First, let's start by doing some imports and then loading up the FDR data set we created in the last exercise, using pandas's read_csv method.

In [28]:
import nltk
import pandas as pd
from nltk.corpus import stopwords
import string

In [27]:
fp = 'data/FDR-PearlHarbor_parsed.csv'
speech = pd.read_csv(fp, index_col=0)
speech.head()

Unnamed: 0,is_punct,is_stop,sent_id,token
0,False,False,1,mr.
1,False,False,1,vice
2,False,False,1,president
3,True,False,1,","
4,False,False,1,mr.


## Ngrams
We will cover ngrams first because they are the most easy to visualize with our existing data.  Ngrams represent words that occur sequentially together.  

In [58]:
ex_tokens = ['there', 'is', 'a', 'dog', 'in', 'my', 'purse']
for ngram in nltk.ngrams(ex_tokens, 2):
    print(ngram)

('there', 'is')
('is', 'a')
('a', 'dog')
('dog', 'in')
('in', 'my')
('my', 'purse')


We have seen ngram-related concepts at work previously when we looked at context and collocations.

In [59]:
#make a text out of list of tokens from DataFrame
text = nltk.Text(speech.token.tolist())

Remember when we generated the context of a word, we got back a FreqDist of all of the word pairs it was surrounded by.

In [60]:
contexts = nltk.ContextIndex(text.tokens)
contexts._word_to_contexts['japanese']

FreqDist({(',', 'forces'): 3,
          ('after', 'air'): 1,
          ('the', 'ambassador'): 1,
          ('the', 'attacked'): 2,
          ('the', 'empire'): 1,
          ('the', 'government'): 2})

We can do this manually as well using ngrams.  Let's look for the word 'japanese' and count up all of its contexts as they occur in trigrams in which it is included.

In [61]:
from collections import Counter

context_dict = Counter()
for gram3 in nltk.ngrams(text.tokens, 3):
    if gram3[1] == 'japanese':
        context_dict.update([(gram3[0],gram3[2])])
context_dict

Counter({(',', 'forces'): 3,
         ('after', 'air'): 1,
         ('the', 'ambassador'): 1,
         ('the', 'attacked'): 2,
         ('the', 'empire'): 1,
         ('the', 'government'): 2})

Collocations looked for pairs of words that were commonly seen occurring in the same window.  NLTK's BigramCollocationFinder actually looks at all ngrams in the text, so we will only consider the 4grams as an example.

In [72]:
text.collocations()

united states; last night; december 7th; forces attacked; japanese
forces; japanese government; japanese attacked


In [73]:
manual_coll_list = [('united', 'states'), ('last', 'night'), ('december', '7th'), ('forces', 'attacked'), 
                    ('japanese', 'forces'), ('japanese', 'government'), ('japanese', 'attacked')]
coll_dict = {}
for gram4 in nltk.ngrams(text.tokens, 4):
    for coll in manual_coll_list:
        term1,term2 = coll
        if term1 in gram4 and term2 in gram4:
            coll_dict[coll] = coll_dict.get(coll,[]) + [gram4]
            
print(coll_dict[('japanese','attacked')])

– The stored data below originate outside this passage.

text \<open>Writing \<open>x = \<alpha>\<one> + y\<close> with \<open>\<Sum> y = 0\<close>, the identity \<open>L(G) + L(G\<^sup>c) = n I - J\<close> gives
  \<open>x\<^sup>T L(G) x = n |y|\<^sup>2 - y\<^sup>T L(G\<^sup>c) y\<close>; the non-edges in \<open>P\<close>, listed in both
  orientations, bound \<open>y\<^sup>T L(G\<^sup>c) y\<close> from below.\<close>

lemma laplacian_rayleigh_le_of_non_edges:
  fixes x :: "real vec" and y :: "nat \<Rightarrow> real"
  assumes G: "simple_graph n E" and n: "2 \<le> n" and x: "x \<in> carrier_vec n"
    and xy: "\<And>l. l < n \<Longrightarrow> x$l = \<alpha> + y l" and y_sum: "(\<Sum>l<n. y l) = 0"
    and P: "P \<subseteq> {..<n} \<times> {..<n}" and nE: "\<And>i j. (i, j) \<in> P \<Longrightarrow> \<not> E i j"
    and yP: "4 * (\<Sum>l<n. (y l)\<^sup>2) \<le> (\<Sum>(i, j) \<in> P. (y i - y j)\<^sup>2)"
  shows "x \<bullet> (laplacian n E *\<^sub>v x) \<le> (real n - 2) * (x \<bullet> x)"
proof -
  have xx: "x \<bullet> x = (\<Sum>l<n. (x$l)\<^sup>2)"
    using x by (simp add: scalar_prod_def lessThan_atLeast0 power2_eq_square)
  have s1: "(\<Sum>l<n. x$l) = real n * \<alpha>" using y_sum by (simp add: xy sum.distrib)
  have "(\<Sum>l<n. (x$l)\<^sup>2) = (\<Sum>l<n. \<alpha>\<^sup>2 + 2 * \<alpha> * y l + (y l)\<^sup>2)"
    by (intro sum.cong refl) (simp add: xy power2_eq_square algebra_simps)
  then have s2: "(\<Sum>l<n. (x$l)\<^sup>2) = real n * \<alpha>\<^sup>2 + (\<Sum>l<n. (y l)\<^sup>2)"
    using y_sum by (simp add: sum.distrib sum_distrib_left[symmetric])
  have sP: "(\<Sum>(i, j) \<in> P. (x$i - x$j)\<^sup>2) = (\<Sum>(i, j) \<in> P. (y i - y j)\<^sup>2)"
    using P by (intro sum.cong refl) (auto simp: xy)
  have "edge_energy n E x \<le> 2 * real n * (\<Sum>l<n. (x$l)\<^sup>2) - 2 * (\<Sum>l<n. x$l)\<^sup>2
      - (\<Sum>(i, j) \<in> P. (y i - y j)\<^sup>2)"
    using edge_energy_le_non_edges[OF P nE, where x = x] sum_sq_diff_pairs[of "\<lambda>l. x$l" n] sP
    by simp
  also have "\<dots> = 2 * real n * (\<Sum>l<n. (y l)\<^sup>2) - (\<Sum>(i, j) \<in> P. (y i - y j)\<^sup>2)"
    unfolding s1 s2 by (simp add: power2_eq_square algebra_simps)
  finally have "edge_energy n E x \<le> 2 * real n * (\<Sum>l<n. (y l)\<^sup>2) - (\<Sum>(i, j) \<in> P. (y i - y j)\<^sup>2)" .
  moreover have "(real n - 2) * (real n * \<alpha>\<^sup>2) \<ge> 0" using n by simp
  ultimately have "edge_energy n E x / 2 \<le> (real n - 2) * (\<Sum>l<n. (x$l)\<^sup>2)"
    using yP unfolding s2 by (simp add: algebra_simps)
  then show ?thesis using laplacian_quadratic_form[OF G x] xx by simp
qed

text \<open>If every non-edge contains \<open>v\<close>, then for \<open>\<Sum> x = 0\<close> and \<open>x\<^sub>v = 0\<close> the missing edges,
  all at \<open>v\<close>, lower \<open>x\<^sup>T L x\<close> from \<open>n |x|\<^sup>2\<close> by at most \<open>|x|\<^sup>2\<close>.\<close>

lemma laplacian_rayleigh_gt_of_star:
  fixes x :: "real vec"
  assumes G: "simple_graph n E" and v: "v < n" and x: "x \<in> carrier_vec n"
    and star: "\<And>i j. i < n \<Longrightarrow> j < n \<Longrightarrow> i \<noteq> j \<Longrightarrow> \<not> E i j \<Longrightarrow> i = v \<or> j = v"
    and xv: "x$v = 0" and x_sum: "(\<Sum>l<n. x$l) = 0" and x0: "x \<noteq> 0\<^sub>v n"
  shows "(real n - 2) * (x \<bullet> x) < x \<bullet> (laplacian n E *\<^sub>v x)"
proof -
  have xx: "x \<bullet> x = (\<Sum>l<n. (x$l)\<^sup>2)"
    using x by (simp add: scalar_prod_def lessThan_atLeast0 power2_eq_square)
  let ?f = "\<lambda>i j. (x$i - x$j)\<^sup>2"
  let ?g = "\<lambda>i j. (if i = v then ?f i j else 0) + (if j = v then ?f i j else 0)"
  have "(\<Sum>i<n. \<Sum>j<n. ?f i j) - (\<Sum>i<n. \<Sum>j<n. ?g i j) \<le> edge_energy n E x"
    unfolding edge_energy_def sum_subtractf[symmetric]
  proof (intro sum_mono)
    fix i j assume "i \<in> {..<n}" "j \<in> {..<n}"
    then show "?f i j - ?g i j \<le> (if E i j then ?f i j else 0)"
      using star[of i j] by (cases "i = j") auto
  qed
  moreover have "(\<Sum>i<n. \<Sum>j<n. ?g i j) = 2 * (\<Sum>l<n. (x$l)\<^sup>2)"
  proof -
    have "(\<Sum>i<n. \<Sum>j<n. if i = v then ?f i j else 0) = (\<Sum>i<n. if i = v then (\<Sum>j<n. ?f i j) else 0)"
      by (intro sum.cong) auto
    also have "\<dots> = (\<Sum>l<n. (x$l)\<^sup>2)" using v xv by (simp add: power2_eq_square)
    finally show ?thesis using v xv by (simp add: sum.distrib)
  qed
  ultimately have "2 * real n * (\<Sum>l<n. (x$l)\<^sup>2) - 2 * (\<Sum>l<n. (x$l)\<^sup>2) \<le> edge_energy n E x"
    using sum_sq_diff_pairs[of "\<lambda>l. x$l" n] x_sum by simp
  then have "(real n - 1) * (x \<bullet> x) \<le> x \<bullet> (laplacian n E *\<^sub>v x)"
    using laplacian_quadratic_form[OF G x] xx by (simp add: algebra_simps)
  moreover have "x \<bullet> x > 0" using conjugate_square_greater_0_vec[OF x] x0 by simp
  ultimately show ?thesis by (simp add: algebra_simps)
qed

lemma matching_vector_at_ends:
  fixes c :: "nat \<Rightarrow> real" and a b :: "nat \<Rightarrow> nat"
  assumes inj: "inj_on a {..<k}" "inj_on b {..<k}" and disj: "a ` {..<k} \<inter> b ` {..<k} = {}"
    and j: "j < k"
  defines "y \<equiv> \<lambda>l. \<Sum>i<k. c i * (of_bool (l = a i) - of_bool (l = b i))"
  shows "y (a j) = c j" and "y (b j) = - c j"
proof -
  have "\<And>i. i < k \<Longrightarrow> a j \<noteq> b i" "\<And>i. i < k \<Longrightarrow> b j \<noteq> a i"
    using disj j by auto
  moreover have "\<And>i. i < k \<Longrightarrow> a j = a i \<longleftrightarrow> i = j" "\<And>i. i < k \<Longrightarrow> b j = b i \<longleftrightarrow> i = j"
    using inj j by (auto dest: inj_onD)
  ultimately show "y (a j) = c j" "y (b j) = - c j"
    unfolding y_def using j by (simp_all add: sum.If_cases sum_negf cong: if_cong)
qed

[(',', 'japanese', 'forces', 'attacked'), ('japanese', 'forces', 'attacked', 'hong'), (',', 'japanese', 'forces', 'attacked'), ('japanese', 'forces', 'attacked', 'guam'), (',', 'japanese', 'forces', 'attacked'), ('japanese', 'forces', 'attacked', 'the'), (',', 'the', 'japanese', 'attacked'), ('the', 'japanese', 'attacked', 'wake'), ('japanese', 'attacked', 'wake', 'island'), (',', 'the', 'japanese', 'attacked'), ('the', 'japanese', 'attacked', 'midway'), ('japanese', 'attacked', 'midway', 'island')]


## Stemming
Stemming is a crude way of shortening a word so that various lemmas of a word do not prevent us from identifying words as similar.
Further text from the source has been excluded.